One of the greatest tricks ever pulled was convincing us that the internet is some neutral technology, as opposed to a platform controlled by people with a vested interest in controlling us. Perhaps now that the consequences of this control are becoming obvious, we will have less of a problem recognizing that our digital lives are not only being corrupted, but corrupting the diminishing real lives we have left.
And that’s tea, lol.




While I wish a different phrase than “The Internet” was being used, I agree with the intention of the article.
I believe we are still talking about media concentration. While the underlying technology of “The Internet” was neutral, specific policies were put in place (many based on the USA’s National Information Infrastructure Task Force under Bill Clinton) that recreated the traditional centralized media landscape but without the regulation that previously existed.
While I spent decades opposing the NII policy as it was being pushed onto Canada (through policy laundering/etc — all within the Clinton era, for those who think policies that benefit the right-wing were Republican rather than simply the USA), I saw how existing concentrated media in many countries pushed to ensure that what they were calling “New Media” would become even more concentrated than traditional media.

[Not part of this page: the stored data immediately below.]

lemma T_Suc_less:
  assumes "1 < l" "0 < d" "1 \<le> s" and "real d \<le> real s * (l + 1)"
  shows "T d l (Suc s) < T d l s"
proof -
  define p where "p = real s * (l + 1)"
  define Q where "Q = (real d)\<^sup>2 - real d * (real s + real (Suc s)) - (l\<^sup>2 - 1) * real s * real (Suc s)"
  have "1 * 1 < l * l" using assms by (intro mult_strict_mono) auto
  then have "0 < (l\<^sup>2 - 1) * real s * real (Suc s)"
    using assms by (simp add: power2_eq_square)
  have "0 < real s * l * (l + 1)" using assms by simp
  have "Q < 0"
  proof (cases "2 * real s + 1 \<le> real d + p")
    case True
    have "Q = (real d - p) * (real d + p - (2 * real s + 1)) - real s * l * (l + 1)"
      by (simp add: Q_def p_def algebra_simps power2_eq_square)
    moreover have "(real d - p) * (real d + p - (2 * real s + 1)) \<le> 0"
      using True assms(4) by (intro mult_nonpos_nonneg) (simp_all add: p_def)
    ultimately show ?thesis using \<open>0 < real s * l * (l + 1)\<close> by linarith
  next
    case False
    have "0 \<le> p" using assms by (simp add: p_def)
    then have "real d * (real d - (2 * real s + 1)) \<le> 0"
      using False by (intro mult_nonneg_nonpos) simp_all
    moreover have "Q = real d * (real d - (2 * real s + 1)) - (l\<^sup>2 - 1) * real s * real (Suc s)"
      by (simp add: Q_def algebra_simps power2_eq_square)
    ultimately show ?thesis using \<open>0 < (l\<^sup>2 - 1) * real s * real (Suc s)\<close> by linarith
  qed
  obtain K where "0 < K" and K: "T d l (Suc s) - T d l s = K * (real (Suc s) - real s) * Q"
    unfolding Q_def by (rule T_diff_sign[OF assms(2,1)])
  have "K * (real (Suc s) - real s) * Q < 0" using \<open>0 < K\<close> \<open>Q < 0\<close> by (simp add: mult_pos_neg)
  with K show ?thesis by linarith
qed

I wish appropriate regulation would come forward, but from what I’ve seen the confusion that the problem is “The Internet” rather than “media concentration” will cause Anglosphere (and beyond) regulation to make the problem worse.
thank you for articulating why i find it so freaky when people around me (myself included) start using internet slang as though it’s a natural part of their vocabulary. we are not YAPPERS we are people who enjoy conversation with each other for the love of all that is humanly textured, and so on. the homogenization of our language is chilling not cute.